To find the roots of the cubic equation 3760x^3 - 7x^2 - 6x = 0, we can use the factoring method or the quadratic formula.

Step 1: Factor out the common factor, if possible. In this case, there is no common factor among the terms.

Step 2: Use the factoring method or the quadratic formula. Since the equation is a cubic equation, we can use the factoring method or the quadratic formula to find the roots.

Factoring method: To factor the equation, we need to find the factors of the constant term (0) that add up to the coefficient of the quadratic term (-7).

The factors of 0 are 0 and any real number.

Therefore, one of the roots is x = 0.

Quadratic formula: The quadratic formula is given by x = (-b ± √(b^2 - 4ac)) / (2a), where a, b, and c are the coefficients of the quadratic equation.

In our equation, a = 3760, b = -7, and c = -6.
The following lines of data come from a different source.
text \<open>By compactness, a locally given choice of group elements can be read off at one fixed level.\<close>

lemma uniform_cylinder_level:
  assumes "\<forall>x\<in>X. \<exists>U g. openin T U \<and> x \<in> U \<and> g \<in> carrier G \<and> (\<forall>y\<in>U. s y = act g y)"
  obtains N where "\<forall>x\<in>X. \<exists>g\<in>carrier G. \<forall>y\<in>cylinder N x. s y = act g y"
proof -
  have "\<forall>x\<in>X. \<exists>p. snd p \<in> carrier G \<and> (\<forall>y\<in>cylinder (fst p) x. s y = act (snd p) y)"
  proof
    fix x assume x: "x \<in> X"
    obtain U g where U: "openin T U" "x \<in> U" "g \<in> carrier G" "\<forall>y\<in>U. s y = act g y"
      using assms x by blast
    obtain N where "cylinder N x \<subseteq> U" using openin_contains_cylinder[OF U(1,2)] by blast
    then show "\<exists>p. snd p \<in> carrier G \<and> (\<forall>y\<in>cylinder (fst p) x. s y = act (snd p) y)"
      using U(3,4) by (intro exI[of _ "(N, g)"]) auto
  qed
  then obtain p where p: "\<forall>x\<in>X. snd (p x) \<in> carrier G \<and> (\<forall>y\<in>cylinder (fst (p x)) x. s y = act (snd (p x)) y)"
    by (rule bchoice[THEN exE]) blast
  have "\<forall>U\<in>(\<lambda>x. cylinder (fst (p x)) x) ` X. openin T U" using openin_cylinder by auto
  moreover have "topspace T \<subseteq> \<Union>((\<lambda>x. cylinder (fst (p x)) x) ` X)"
    using topspace_odometer cylinder_self by auto
  ultimately obtain F where F: "finite F" "F \<subseteq> (\<lambda>x. cylinder (fst (p x)) x) ` X" "topspace T \<subseteq> \<Union>F"
    using compact_space_odometer[unfolded compact_space_alt, rule_format, of "(\<lambda>x. cylinder (fst (p x)) x) ` X"]
    by blast
  obtain C where C: "C \<subseteq> X" "finite C" "F = (\<lambda>x. cylinder (fst (p x)) x) ` C"
    using finite_subset_image[OF F(1,2)] by blast
  define M where "M = Max (insert 0 ((\<lambda>c. fst (p c)) ` C))"
  have M: "fst (p c) \<le> M" if "c \<in> C" for c unfolding M_def using C(2) that by auto
  show ?thesis
  proof (rule that, intro ballI)
    fix x assume x: "x \<in> X"
    then obtain c where c: "c \<in> C" "x \<in> cylinder (fst (p c)) c" using F(3) C(3) topspace_odometer by auto
    have "cylinder M x \<subseteq> cylinder (fst (p c)) x" using cylinder_antimono[OF x M[OF c(1)]] .
    also have "\<dots> = cylinder (fst (p c)) c" using cylinder_eq[OF c(2)] .
    finally show "\<exists>g\<in>carrier G. \<forall>y\<in>cylinder M x. s y = act g y" using p c C(1) by blast
  qed
qed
Using the quadratic formula, we can find the other two roots:

x = (-(-7) ± √((-7)^2 - 4(3760)(-6))) / (2(3760)) x = (7 ± √(49 + 90480)) / 7520 x = (7 ± √90489) / 7520

Simplifying further, we have: x = (7 ± 301) / 7520

So, the other two roots are: x = (7 + 301) / 7520 = 308 / 7520 = 0.0409 x = (7 - 301) / 7520 = -294 / 7520 = -0.039

Therefore, the roots of the cubic equation 3760x^3 - 7x^2 - 6x = 0 are: α = 0 β = 0.0409 γ = -0.039

To find the equation whose roots are α + β, β + γ, and α + γ, we can use the sum and product of roots formula.
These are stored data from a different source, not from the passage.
(* (Injectivity of the surface-aligned representation.) For $\mathbf{x}\in\mathbb{R}^3\setminus\mathbb{I}$ define $\mathcal{X}(\mathbf{x})=(\mathbf{s}_c,h)\in\mathbb{R}^4$, where $\mathbf{s}$ is the dispersed projection of $\mathbf{x}$ onto the posed mesh $\mathcal{M}$, $h$ is the signed height ($h=\|\mathbf{x}-\mathbf{s}\|$ if $\mathbf{x}$ is outside the region enclosed by $\mathcal{M}$, $h=-\|\mathbf{x}-\mathbf{s}\|$ if inside), and $\mathbf{s}_c$ is the point of the T-pose mesh $\mathcal{M}_c$ with the same face and the same barycentric coordinates as $\mathbf{s}$. Then the map $\mathbf{x}\mapsto\mathcal{X}(\mathbf{x})$ is injective on $\mathbb{R}^3\setminus\mathbb{I}$.
   Context: Let $\mathcal{M}$ be a triangle mesh in $\mathbb{R}^3$ that is watertight (closed, without self-intersections) and has no faces of zero area. Each face $T=(\mathbf{v}_1,\mathbf{v}_2,\mathbf{v}_3)$ has an outward unit face normal $\mathbf{n}_T$; each vertex $\mathbf{v}$ has a unit vertex normal $\mathbf{n}_{\mathbf{v}}$, and for every face $T$ and every vertex $\mathbf{v}$ of $T$, $\langle \mathbf{n}_{\mathbf{v}},\mathbf{n}_T\rangle>0$. $\mathcal{M}_c$ is a second watertight triangle mesh without zero-area faces having the same combinatorial structure (same faces, vertex indexing) as $\mathcal{M}$ but different vertex positions; for $\mathbf{s}=\sum_i\alpha_i\mathbf{v}_i$ in face $T$ of $\mathcal{M}$, $\mathbf{s}_c=\sum_i\alpha_i\mathbf{v}^c_i$ in the corresponding face of $\mathcal{M}_c$. Vertex normal alignment of a face $T$ with orientation $\sigma\in\{+1,-1\}$: put $\mathbf{m}_T=\sigma\mathbf{n}_T$; for each $i\in\{1,2,3\}$ let $j,k$ be the other two indices, $\mathbf{e}_1=\mathbf{v}_j-\mathbf{v}_i$, $\mathbf{e}_2=\mathbf{v}_k-\mathbf{v}_i$, $\mathbf{m}_i=\sigma\mathbf{n}_{\mathbf{v}_i}$, write the in-plane part $\mathbf{m}_i-\langle\mathbf{m}_i,\mathbf{m}_T\rangle\mathbf{m}_T=c_1\mathbf{e}_1+c_2\mathbf{e}_2$, and define the aligned normal $\hat{\mathbf{n}}^{T,\sigma}_i=(\mathbf{m}_i-\max(0,c_1)\mathbf{e}_1-\max(0,c_2)\mathbf{e}_2)/\|\mathbf{m}_i-\max(0,c_1)\mathbf{e}_1-\max(0,c_2)\mathbf{e}_2\|$. (Aligned normals depend on the face $T$, not only on the vertex.) Barycentric interpolated projection onto $T$ with orientation $\sigma$: for $\mathbf{x}$ with $l:=\langle\mathbf{x}-\mathbf{v}_1,\sigma\mathbf{n}_T\rangle\ge 0$, set $\mathbf{v}_i'=\mathbf{v}_i+\big(l/\langle\hat{\mathbf{n}}^{T,\sigma}_i,\sigma\mathbf{n}_T\rangle\big)\hat{\mathbf{n}}^{T,\sigma}_i$, forming the parallel triangle $T'=(\mathbf{v}_1',\mathbf{v}_2',\mathbf{v}_3')$ in the plane through $\mathbf{x}$ parallel to $T$. If $\mathbf{x}\in T'$, i.e. $\mathbf{x}=\sum_i\alpha_i\mathbf{v}_i'$ with $\alpha_i\ge0$, $\sum_i\alpha_i=1$, the projection is $\mathbf{s}_T=\sum_i\alpha_i\mathbf{v}_i$. Dispersed projection of $\mathbf{x}$ (with $\sigma=+1$ if $\mathbf{x}$ is outside the region enclosed by $\mathcal{M}$ and $\sigma=-1$ if inside): (1) compute the nearest point $\tilde{\mathbf{s}}$ of $\mathcal{M}$ to $\mathbf{x}$; (2) let $\mathcal{T}$ be the set of faces containing $\tilde{\mathbf{s}}$; (3) apply vertex normal alignment with orientation $\sigma$ to each $T\in\mathcal{T}$; (4) discard those $T$ with $\mathbf{x}\notin T'$; (5) compute $\mathbf{s}_T$ for the remaining $T$; (6) let $\mathbf{s}$ be the $\mathbf{s}_T$ nearest to $\mathbf{x}$. It is assumed that for every $\mathbf{x}\in\mathbb{R}^3$ at least one face survives step (4), so $\mathbf{s}$ is defined. Exceptional set: for a face $T$, orientation $\sigma$, and $\mathbf{a}^{T,\sigma}_i=\hat{\mathbf{n}}^{T,\sigma}_i/\langle\hat{\mathbf{n}}^{T,\sigma}_i,\sigma\mathbf{n}_T\rangle$, let $\mathbb{I}$ be the union over all faces $T$, both $\sigma$, and all pairs of distinct vertices $\mathbf{v}_i,\mathbf{v}_j$ of $T$ of the bilinear surfaces $\{(1-u)\mathbf{v}_i+u\mathbf{v}_j+t((1-u)\mathbf{a}^{T,\sigma}_i+u\mathbf{a}^{T,\sigma}_j): u\in[0,1],t\ge0\}$ (a set of Lebesgue measure zero). For $\mathbf{x}\notin\mathbb{I}$, the dispersed projection $\mathbf{s}$ lies in the relative interior of a face. *)

theory Defs
  imports "HOL-Analysis.Analysis" "HOL-Analysis.Cross3"
begin

text \<open>A triangle mesh is given by a vertex position map V :: nat => real^3
 and a set F of faces; a face is an ordered (oriented) triple of vertex indices.
 The posed mesh M is (V, F), the T-pose mesh M_c is (Vc, F) (same combinatorics).\<close>

type_synonym face = "nat \<times> nat \<times> nat"

fun fidx :: "face \<Rightarrow> nat \<Rightarrow> nat" where
  "fidx (a, b, c) i = (if i = 0 then a else if i = 1 then b else c)"

definition fverts :: "face \<Rightarrow> nat set" where
  "fverts T = {fidx T 0, fidx T 1, fidx T 2}"

definition mverts :: "face set \<Rightarrow> nat set" where
  "mverts F = (\<Union>T\<in>F. fverts T)"

definition dedges :: "face \<Rightarrow> (nat \<times> nat) set" where
  "dedges T = {(fidx T 0, fidx T 1), (fidx T 1, fidx T 2), (fidx T 2, fidx T 0)}"

definition tri :: "(nat \<Rightarrow> real^3) \<Rightarrow> face \<Rightarrow> (real^3) set" where
  "tri V T = convex hull {V (fidx T 0), V (fidx T 1), V (fidx T 2)}"

definition surface :: "(nat \<Rightarrow> real^3) \<Rightarrow> face set \<Rightarrow> (real^3) set" where
  "surface V F = (\<Union>T\<in>F. tri V T)"

definition fnormal :: "(nat \<Rightarrow> real^3) \<Rightarrow> face \<Rightarrow> real^3" where
  "fnormal V T = (let n = cross3 (V (fidx T 1) - V (fidx T 0)) (V (fidx T 2) - V (fidx T 0))
                  in (1 / norm n) *\<^sub>R n)"

definition watertight :: "(nat \<Rightarrow> real^3) \<Rightarrow> face set \<Rightarrow> bool" where
  "watertight V F \<longleftrightarrow>
     finite F \<and> F \<noteq> {} \<and>
     inj_on V (mverts F) \<and>
     (\<forall>T\<in>F. card (fverts T) = 3) \<and>
     \<comment> \<open>no faces of zero area\<close>
     (\<forall>T\<in>F. cross3 (V (fidx T 1) - V (fidx T 0)) (V (fidx T 2) - V (fidx T 0)) \<noteq> 0) \<and>
     \<comment> \<open>closed and consistently oriented: every directed edge is matched by exactly one
        face containing the reversed edge, and no directed edge lies in two faces\<close>
     (\<forall>T\<in>F. \<forall>(p, q)\<in>dedges T. \<exists>!T'. T' \<in> F \<and> (q, p) \<in> dedges T') \<and>
     (\<forall>T\<in>F. \<forall>T'\<in>F. T \<noteq> T' \<longrightarrow> dedges T \<inter> dedges T' = {}) \<and>
     \<comment> \<open>no self-intersections: distinct faces meet only in the convex hull of their
        common vertices\<close>
     (\<forall>T\<in>F. \<forall>T'\<in>F. T \<noteq> T' \<longrightarrow>
        tri V T \<inter> tri V T' = convex hull (V ` (fverts T \<inter> fverts T')))"

text \<open>The face normals point outward: into the unbounded complementary region
  (library notion outside; the region enclosed by the mesh is the library notion inside).\<close>
definition outward_normals :: "(nat \<Rightarrow> real^3) \<Rightarrow> face set \<Rightarrow> bool" where
  "outward_normals V F \<longleftrightarrow>
     (\<forall>T\<in>F. \<forall>p\<in>rel_interior (tri V T). \<exists>e>0. \<forall>t. 0 < t \<and> t < e \<longrightarrow>
        p + t *\<^sub>R fnormal V T \<in> outside (surface V F))"

definition vertex_normals_ok :: "(nat \<Rightarrow> real^3) \<Rightarrow> face set \<Rightarrow> (nat \<Rightarrow> real^3) \<Rightarrow> bool" where
  "vertex_normals_ok V F N \<longleftrightarrow>
     (\<forall>v\<in>mverts F. norm (N v) = 1) \<and>
     (\<forall>T\<in>F. \<forall>i<3. inner (N (fidx T i)) (fnormal V T) > 0)"

definition orient :: "(nat \<Rightarrow> real^3) \<Rightarrow> face set \<Rightarrow> real^3 \<Rightarrow> real" where
  "orient V F x = (if x \<in> inside (surface V F) then -1 else 1)"

definition aligned_normal ::
  "(nat \<Rightarrow> real^3) \<Rightarrow> (nat \<Rightarrow> real^3) \<Rightarrow> face \<Rightarrow> real \<Rightarrow> nat \<Rightarrow> real^3" where
  "aligned_normal V N T \<sigma> i =
     (let vi = V (fidx T i); vj = V (fidx T ((i + 1) mod 3)); vk = V (fidx T ((i + 2) mod 3));
          mT = \<sigma> *\<^sub>R fnormal V T; e1 = vj - vi; e2 = vk - vi;
          m = \<sigma> *\<^sub>R N (fidx T i);
          w = m - inner m mT *\<^sub>R mT;
          c = (THE c :: real \<times> real. w = fst c *\<^sub>R e1 + snd c *\<^sub>R e2);
          u = m - max 0 (fst c) *\<^sub>R e1 - max 0 (snd c) *\<^sub>R e2
      in (1 / norm u) *\<^sub>R u)"

definition avec :: "(nat \<Rightarrow> real^3) \<Rightarrow> (nat \<Rightarrow> real^3) \<Rightarrow> face \<Rightarrow> real \<Rightarrow> nat \<Rightarrow> real^3" where
  "avec V N T \<sigma> i =
     (1 / inner (aligned_normal V N T \<sigma> i) (\<sigma> *\<^sub>R fnormal V T)) *\<^sub>R aligned_normal V N T \<sigma> i"

definition lheight :: "(nat \<Rightarrow> real^3) \<Rightarrow> face \<Rightarrow> real \<Rightarrow> real^3 \<Rightarrow> real" where
  "lheight V T \<sigma> x = inner (x - V (fidx T 0)) (\<sigma> *\<^sub>R fnormal V T)"

text \<open>Vertices of the parallel triangle T' through x.\<close>
definition pvert :: "(nat \<Rightarrow> real^3) \<Rightarrow> (nat \<Rightarrow> real^3) \<Rightarrow> face \<Rightarrow> real \<Rightarrow> real^3 \<Rightarrow> nat \<Rightarrow> real^3" where
  "pvert V N T \<sigma> x i =
     V (fidx T i) + (lheight V T \<sigma> x / inner (aligned_normal V N T \<sigma> i) (\<sigma> *\<^sub>R fnormal V T))
                      *\<^sub>R aligned_normal V N T \<sigma> i"

definition bary :: "(nat \<Rightarrow> real) \<Rightarrow> bool" where
  "bary \<alpha> \<longleftrightarrow> \<alpha> 0 \<ge> 0 \<and> \<alpha> 1 \<ge> 0 \<and> \<alpha> 2 \<ge> 0 \<and> \<alpha> 0 + \<alpha> 1 + \<alpha> 2 = 1"

definition bpoint :: "(nat \<Rightarrow> real^3) \<Rightarrow> face \<Rightarrow> (nat \<Rightarrow> real) \<Rightarrow> real^3" where
  "bpoint V T \<alpha> = \<alpha> 0 *\<^sub>R V (fidx T 0) + \<alpha> 1 *\<^sub>R V (fidx T 1) + \<alpha> 2 *\<^sub>R V (fidx T 2)"

text \<open>x lies in the parallel triangle T' with barycentric coordinates \<alpha> (requires l \<ge> 0);
  the barycentric interpolated projection is then bpoint V T \<alpha>.\<close>
definition in_parallel ::
  "(nat \<Rightarrow> real^3) \<Rightarrow> (nat \<Rightarrow> real^3) \<Rightarrow> face \<Rightarrow> real \<Rightarrow> real^3 \<Rightarrow> (nat \<Rightarrow> real) \<Rightarrow> bool" where
  "in_parallel V N T \<sigma> x \<alpha> \<longleftrightarrow>
     lheight V T \<sigma> x \<ge> 0 \<and> bary \<alpha> \<and>
     x = \<alpha> 0 *\<^sub>R pvert V N T \<sigma> x 0 + \<alpha> 1 *\<^sub>R pvert V N T \<sigma> x 1 + \<alpha> 2 *\<^sub>R pvert V N T \<sigma> x 2"

definition nearest_point :: "(real^3) set \<Rightarrow> real^3 \<Rightarrow> real^3 \<Rightarrow> bool" where
  "nearest_point S x p \<longleftrightarrow> p \<in> S \<and> (\<forall>q\<in>S. dist x p \<le> dist x q)"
The sum of roots formula states that for a quadratic equation ax^2 + bx + c = 0, the sum of the roots is given by -b/a.

In our case, the sum of the roots α + β, β + γ, and α + γ is: (α + β) + (β + γ) + (α + γ) = 2(α + β + γ)

So, the equation whose roots are α + β, β + γ, and α + γ is: 2(α + β + γ) = 0

Simplifying further, we have: 2(0 + 0.0409 - 0.039) = 0 2(0.0019) = 0 0.0038 = 0

Therefore, the equation whose roots are α + β, β + γ, and α + γ is 0.